Introduction to the Assignment Problem

You have five developers and five features to build. Each developer has different skills, so the time to complete each feature varies by who’s assigned to it. Your goal: assign each developer to exactly one feature such that total development time is minimized.

This is the assignment problem. Formally, given an n×n cost matrix where entry C[i][j] represents the cost of assigning worker i to task j, find a one-to-one mapping that minimizes total cost.

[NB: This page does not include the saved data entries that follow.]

lemma Z_pos: "Z x > 0"
proof -
  have nonneg: "AE y in lborel. 0 \<le> w x y" using w_pos by (simp add: less_imp_le)
  have "Z x \<noteq> 0"
  proof
    assume "Z x = 0"
    then have "AE y in lborel. w x y = 0"
      using integral_nonneg_eq_0_iff_AE[OF integrable_w nonneg] by (simp add: Z_def)
    moreover have "w x y \<noteq> 0" for y using w_pos[of x y] by simp
    ultimately have "AE y::'a in lborel. False" by simp
    then have "ae_filter (lborel :: 'a measure) = bot" using trivial_limit_def by blast
    then show False by (simp add: ae_filter_eq_bot_iff)
  qed
  moreover have "Z x \<ge> 0" unfolding Z_def using nonneg by (rule integral_nonneg_AE)
  ultimately show ?thesis by simp
qed

lemma w_fun: "w x = (\<lambda>y. gauss_density (lam * \<delta>) x y * exp (- f y / \<delta>))"
  by (rule ext) (simp add: w_def s_def)

lemma zprox_eq: "zprox \<delta> lam f x = moment x /\<^sub>R Z x"
  by (simp add: zprox_def moment_def Z_def w_fun)

lemma soft_moreau_eq: "soft_moreau lam \<delta> f x = - \<delta> * ln (Z x)"
  by (simp add: soft_moreau_def Z_def w_fun)

lemma integral_w_inner:
  shows "integrable lborel (\<lambda>y. w x y * inner v (y - x))"
    and "integral\<^sup>L lborel (\<lambda>y. w x y * inner v (y - x)) = inner v (moment x - Z x *\<^sub>R x)"
proof -
  have eq: "(\<lambda>y. w x y * inner v (y - x)) = (\<lambda>y. inner v (w x y *\<^sub>R y) - inner v x * w x y)"
    by (simp add: inner_diff_right algebra_simps)
  show "integrable lborel (\<lambda>y. w x y * inner v (y - x))"
    unfolding eq using integrable_inner_right[OF integrable_w_moment[of x], of v] integrable_w[of x]
    by simp
  have const: "integrable lborel (\<lambda>y. inner v x * w x y)" using integrable_w by simp
  show "integral\<^sup>L lborel (\<lambda>y. w x y * inner v (y - x)) = inner v (moment x - Z x *\<^sub>R x)"
    unfolding eq Bochner_Integration.integral_diff[OF integrable_inner_right[OF integrable_w_moment] const]
      integral_inner_right[OF integrable_w_moment] moment_def[symmetric]
    by (simp add: Z_def inner_diff_right)
qed

definition "Z_gradient x = (moment x - Z x *\<^sub>R x) /\<^sub>R s"

lemma Z_has_derivative: "(Z has_derivative (\<lambda>h. inner h (Z_gradient x))) (at x)"
proof -
  obtain K where "K \<ge> 0" and kernel: "\<And>x y h :: 'a. norm h \<le> 1 \<Longrightarrow>
      \<bar>exp (- (norm (y - (x + h)))\<^sup>2 / (2 * s)) - exp (- (norm (y - x))\<^sup>2 / (2 * s)) * (1 + inner h (y - x) / s)\<bar>
        \<le> K * (norm h)\<^sup>2"
    using gaussian_kernel_taylor[OF s_pos] by metis
  define I where "I = integral\<^sup>L lborel (\<lambda>y. exp (- f y / \<delta>))"
  have "I \<ge> 0" unfolding I_def by (rule integral_nonneg_AE) simp
  show ?thesis
  proof (rule has_derivative_of_quadratic_remainder)
    show "bounded_linear (\<lambda>h. inner h (Z_gradient x))" by (rule bounded_linear_inner_left)
    show "0 \<le> gauss_const * K * I" using gauss_const_pos \<open>K \<ge> 0\<close> \<open>I \<ge> 0\<close> by simp
    fix h :: 'a assume h: "norm h \<le> 1"
    define R where "R y = w (x + h) y - w x y - w x y * inner h (y - x) / s" for y
    have linear: "inner h (Z_gradient x) = integral\<^sup>L lborel (\<lambda>y. w x y * inner h (y - x) / s)"
      using integral_w_inner[of x h] by (simp add: Z_gradient_def divide_inverse_commute)
    have "Z (x + h) - Z x - inner h (Z_gradient x) = integral\<^sup>L lborel R"
      unfolding linear R_def Z_def using integrable_w integral_w_inner(1)[of x h] by simp
    also have "\<bar>\<dots>\<bar> \<le> integral\<^sup>L lborel (\<lambda>y. gauss_const * K * (norm h)\<^sup>2 * exp (- f y / \<delta>))"
    proof (rule integral_abs_bound_integral)
      show "integrable lborel R" unfolding R_def using integrable_w integral_w_inner(1)[of x h] by simp
      show "integrable lborel (\<lambda>y. gauss_const * K * (norm h)\<^sup>2 * exp (- f y / \<delta>))"
        using integrable_exp_f by simp
      fix y
      have "R y = gauss_const * exp (- f y / \<delta>) * (exp (- (norm (y - (x + h)))\<^sup>2 / (2 * s))
          - exp (- (norm (y - x))\<^sup>2 / (2 * s)) * (1 + inner h (y - x) / s))"
        unfolding R_def w_eq by (simp add: algebra_simps)
      then show "\<bar>R y\<bar> \<le> gauss_const * K * (norm h)\<^sup>2 * exp (- f y / \<delta>)"
        using mult_left_mono[OF kernel[OF h, of y x], of "gauss_const * exp (- f y / \<delta>)"] gauss_const_pos
        by (simp add: abs_mult mult_ac)
    qed
    also have "\<dots> = gauss_const * K * I * (norm h)\<^sup>2" using integrable_exp_f by (simp add: I_def)
    finally show "\<bar>Z (x + h) - Z x - inner h (Z_gradient x)\<bar> \<le> gauss_const * K * I * (norm h)\<^sup>2" .
  qed
qed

The problem appears everywhere in software systems. Container orchestration platforms solve assignment problems when scheduling pods to nodes. Ride-sharing services match drivers to passengers. Content delivery networks route requests to edge servers. Any time you’re pairing resources with consumers and want to optimize some metric, you’re likely facing an assignment problem.

Why Not Brute Force?

The naive approach is straightforward: enumerate all possible assignments, calculate each total cost, and pick the minimum. For n workers and n tasks, there are n! possible assignments.

import itertools

def brute_force_assignment(cost_matrix):
    n = len(cost_matrix)
    min_cost = float('inf')
    best_assignment = None
    
    for perm in itertools.permutations(range(n)):
        cost = sum(cost_matrix[i][perm[i]] for i in range(n))
        if cost < min_cost:
            min_cost = cost
            best_assignment = perm
    
    return best_assignment, min_cost

This works fine for n=5 (120 permutations). At n=10, you’re evaluating 3.6 million assignments. At n=15, it’s 1.3 trillion. At n=20, you’re looking at 2.4×10¹⁸ permutations—even at a billion evaluations per second, you’d wait 76 years.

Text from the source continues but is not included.